Senator Imee Marcos on Wednesday said she is supporting the calls of 93 leaders in the sugar industry to revamp the current officials of the Sugar Regulatory Administration (SRA) and Sugar Board following the continuous plummeting of prices of local sugar because of Sugar Order No. 8.
Pablo Luis Azcona is the current administrator and chief executive officer of the SRA.
Further, Senator Marcos warned that the over-importation of sugar could kill the local industry, as well as the livelihood of thousands of ‘sakadas’ (sugar farmers).
Under the order, the SRA would raise sugar importation to 424,000 metric tons from the originally recommended 150,000 metric tons.
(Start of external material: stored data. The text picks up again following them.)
section \<open>Injections into a complete bipartite graph\<close>

lemma obtain_inj_on_extension:
  assumes "finite U" "finite S" "card U \<le> card S" "D \<subseteq> U" "inj_on h D" "h ` D \<subseteq> S"
  obtains g where "inj_on g U" "g ` U \<subseteq> S" "\<forall>d\<in>D. g d = h d"
proof -
  have fin_D: "finite D" using assms(1,4) by (rule finite_subset[rotated])
  have "card (U - D) = card U - card D"
    using fin_D assms(4) by (rule card_Diff_subset)
  moreover have "card (S - h ` D) = card S - card D"
    using assms(5,6) fin_D by (simp add: card_Diff_subset card_image)
  ultimately have "card (U - D) \<le> card (S - h ` D)"
    using assms(3) by linarith
  then obtain f where f: "f ` (U - D) \<subseteq> S - h ` D" "inj_on f (U - D)"
    using card_le_inj[of "U - D" "S - h ` D"] assms(1,2) by auto
  define g where "g u = (if u \<in> D then h u else f u)" for u
  have "inj_on g U"
    using f assms(5) by (auto simp: g_def inj_on_def)
  moreover have "g ` U \<subseteq> S"
    using f assms(6) by (auto simp: g_def)
  ultimately show ?thesis
    by (rule that) (simp add: g_def)
qed

lemma obtain_bipartite_injection:
  assumes "finite V" "finite A" "finite B" "A \<inter> B = {}" "card V \<le> card A" "card V \<le> card B"
    and "D \<subseteq> V" "inj_on h D" "\<forall>d\<in>D. h d \<in> (if P d then A else B)"
  obtains g where "inj_on g V" "\<forall>v\<in>V. g v \<in> (if P v then A else B)" "\<forall>d\<in>D. g d = h d"
proof -
  have sub: "D \<inter> Collect P \<subseteq> V" "D - Collect P \<subseteq> V"
    and inj: "inj_on h (D \<inter> Collect P)" "inj_on h (D - Collect P)"
    using assms(7,8) by (auto intro: inj_on_subset)
  have img: "h ` (D \<inter> Collect P) \<subseteq> A" "h ` (D - Collect P) \<subseteq> B"
    using assms(9) by (metis (mono_tags) Diff_iff IntD1 IntD2 image_subset_iff mem_Collect_eq)+
  obtain gA where gA: "inj_on gA V" "gA ` V \<subseteq> A" "\<forall>d\<in>D \<inter> Collect P. gA d = h d"
    using assms(1,2,5) sub(1) inj(1) img(1) by (rule obtain_inj_on_extension)
  obtain gB where gB: "inj_on gB V" "gB ` V \<subseteq> B" "\<forall>d\<in>D - Collect P. gB d = h d"
    using assms(1,3,6) sub(2) inj(2) img(2) by (rule obtain_inj_on_extension)
  define g where "g v = (if P v then gA v else gB v)" for v
  have "inj_on g V"
  proof (rule inj_onI)
    fix v w assume vw: "v \<in> V" "w \<in> V" "g v = g w"
    show "v = w"
    proof (cases "P v = P w")
      case True
      with vw gA(1) gB(1) show ?thesis by (auto simp: g_def inj_on_eq_iff split: if_splits)
    next
      case False
      with vw gA(2) gB(2) assms(4) show ?thesis by (auto simp: g_def split: if_splits)
    qed
  qed
  moreover have "\<forall>v\<in>V. g v \<in> (if P v then A else B)"
    using gA gB by (auto simp: g_def)
  moreover have "\<forall>d\<in>D. g d = h d"
    using gA(3) gB(3) by (simp add: g_def)
  ultimately show ?thesis
    by (rule that)
qed
lemma karamata_inequality:
  fixes f :: "real \<Rightarrow> real"
  assumes f: "convex_on I f" and I: "set x \<subseteq> I" "set y \<subseteq> I"
    and len: "length x = length y"
    and sorted: "sorted_wrt (\<ge>) x" "sorted_wrt (\<ge>) y"
    and prefix: "\<And>k. k \<le> length x \<Longrightarrow> sum_list (take k x) \<le> sum_list (take k y)"
    and total: "sum_list x = sum_list y"
  shows "sum_list (map f x) \<le> sum_list (map f y)"
proof -
  \<comment> \<open>Pairs with \<open>u = v\<close> contribute to neither side; dropping them makes every slope meaningful.\<close>
  define P where "P = filter (\<lambda>(u, v). u \<noteq> v) (zip x y)"
  define L where "L = map (\<lambda>(u, v). (secant_slope f u v, v - u)) P"
  have gap_sum: "sum_list (map (\<lambda>(u, v). v - u) (filter (\<lambda>(u, v). u \<noteq> v) (take m (zip x y))))
      = sum_list (take m y) - sum_list (take m x)" for m
    by (subst sum_list_map_filter) (auto simp: take_zip len sum_list_map_zip_diff[where g = id, simplified])
  have "sorted_wrt (\<ge>) (map fst L)"
  proof -
    have mem: "u \<in> I" "v \<in> I" "u \<noteq> v" if "(u, v) \<in> set P" for u v
      using that I by (auto simp: P_def dest: set_zip_leftD set_zip_rightD)
    have slope_le: "secant_slope f u' v' \<le> secant_slope f u v"
      if "(u, v) \<in> set P" "(u', v') \<in> set P" "u' \<le> u" "v' \<le> v" for u v u' v'
      using mem[OF that(1)] mem[OF that(2)] that(3,4)
      by (intro convex_on_secant_slope_mono[OF f]) auto
    have "sorted_wrt (\<lambda>(u, v) (u', v'). u' \<le> u \<and> v' \<le> v) P"
      unfolding P_def using sorted_wrt_zip[OF len sorted] by (rule sorted_wrt_filter)
    then have "sorted_wrt (\<ge>) (map (\<lambda>(u, v). secant_slope f u v) P)"
      by (rule sorted_wrt_map_mono) (auto intro: slope_le)
    then show ?thesis by (simp add: L_def case_prod_unfold comp_def)
  qed
  \<comment> \<open>Any lower bound of the slopes will do, since the weights \<open>v - u\<close> sum to zero.\<close>
  moreover have "\<forall>c\<in>fst ` set L. Min (insert 0 (fst ` set L)) \<le> c"
    by simp
  moreover have "0 \<le> sum_list (take k (map snd L))" for k
  proof -
    obtain m where m: "take k P = filter (\<lambda>(u, v). u \<noteq> v) (take m (zip x y))"
      using take_filter_eq_filter_take unfolding P_def by blast
    have "sum_list (take k (map snd L)) = sum_list (take m y) - sum_list (take m x)"
      unfolding L_def take_map m using gap_sum by (simp add: case_prod_unfold comp_def)
    moreover have "sum_list (take m x) \<le> sum_list (take m y)"
      using prefix[of m] total len by (cases "m \<le> length x") auto
    ultimately show ?thesis by simp
  qed
  ultimately have "Min (insert 0 (fst ` set L)) * sum_list (map snd L)
      \<le> sum_list (map (\<lambda>(c, d). c * d) L)"
    by (rule abel_sum_lower_bound)
  moreover have "sum_list (map snd L) = 0"
    using gap_sum[of "length x"] total len by (simp add: L_def P_def case_prod_unfold comp_def)
  ultimately have "0 \<le> sum_list (map (\<lambda>(c, d). c * d) L)"
    by (metis mult_zero_right)
  also have "map (\<lambda>(c, d). c * d) L = map (\<lambda>(u, v). f v - f u) P"
    unfolding L_def map_map by (rule map_cong) (auto simp: P_def secant_slope_times_diff)
  also have "sum_list \<dots> = sum_list (map (\<lambda>(u, v). f v - f u) (zip x y))"
    unfolding P_def by (rule sum_list_map_filter) auto
  also have "\<dots> = sum_list (map f y) - sum_list (map f x)"
    by (rule sum_list_map_zip_diff[OF len])
  finally show ?thesis by simp
qed
lemma prime_poly_reflect_cases:
  fixes h :: "'a::field_gcd poly"
  assumes "prime h"
  obtains "algebraic_semidom_class.coprime h (h \<circ>\<^sub>p [:0, -1:])"
    | "h \<circ>\<^sub>p [:0, -1:] = h" | "h \<circ>\<^sub>p [:0, -1:] = - h"
proof (cases "algebraic_semidom_class.coprime h (h \<circ>\<^sub>p [:0, -1:])")
  case False
  then have "h dvd h \<circ>\<^sub>p [:0, -1:]"
    using prime_imp_coprime[OF assms, of "h \<circ>\<^sub>p [:0, -1:]"] by blast
  then obtain u where u: "h \<circ>\<^sub>p [:0, -1:] = h * u" ..
  have "h \<noteq> 0" using assms by auto
  then have "u \<noteq> 0" using u by (auto simp: pcompose_eq_0_iff)
  then have "degree u = 0"
    using arg_cong[OF u, of degree] \<open>h \<noteq> 0\<close> by (simp add: degree_pcompose degree_mult_eq)
  then obtain l where "u = [:l:]" by (elim degree_eq_zeroE)
  then have l: "h \<circ>\<^sub>p [:0, -1:] = Polynomial.smult l h" using u by simp
  have "h = h \<circ>\<^sub>p [:0, -1:] \<circ>\<^sub>p [:0, -1:]" by simp
  also have "\<dots> = Polynomial.smult (l * l) h" by (simp add: l pcompose_smult)
  finally have "Polynomial.smult (l * l - 1) h = 0" by (simp add: smult_diff_left)
  then have "l * l = 1" using \<open>h \<noteq> 0\<close> by simp
  then have "l = 1 \<or> l = -1" by (simp add: square_eq_1_iff)
  with l show ?thesis using that(2,3) by (auto simp del: pCons_eq_iff)
qed

lemma irreducible_imp_no_root:
  fixes p :: "'a::field poly"
  assumes "irreducible p" "degree p \<noteq> 1"
  shows "poly p a \<noteq> 0"
proof
  assume "poly p a = 0"
  then obtain u where p: "p = [:- a, 1:] * u" using poly_eq_0_iff_dvd by blast
  then have "is_unit u" using irreducibleD[OF assms(1) p] by (simp add: is_unit_iff_degree)
  then have "degree p = 1"
    using p by (simp add: degree_mult_eq is_unit_iff_degree del: mult_pCons_left)
  then show False using assms(2) by simp
qed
As a result, consumers are now choosing imported sugar because it is 40 to 50 percent cheaper than local sugar.
“Due to the oversupply of imported sugar, its price is really low, and because people want to get cheap, they prefer to buy imported,” said Marcos.
Earlier, the Philippine Sugar Millers Association (PSMA) said demand for locally produced refined sugar tamed even if there was a surge in output.
Data from the Sugar Regulatory Administration (SRA) said refined sugar output increased by 7.06 percent to 554,608.65 metric tons (MT) or 11.092 million 50-kilo bags, versus 518,034.5 MT or 10.36 million bags produced last year.
Further, she said the situation should not be ignored because the direct livelihood of farmers and workers is at stake.
Due to excessive imports, the price at the mill gate is falling, and local producers are forced to sell at a loss, she said.
Also based on sector data, it is estimated that the total loss in the sugar industry due to the price drop is more than P12 billion, which includes an estimated P7.5 billion in economic damage in the Negros region.
"We should not be importing to the detriment of our own products and the farmers who make them. We ourselves are killing the sugar industry," Marcos stressed.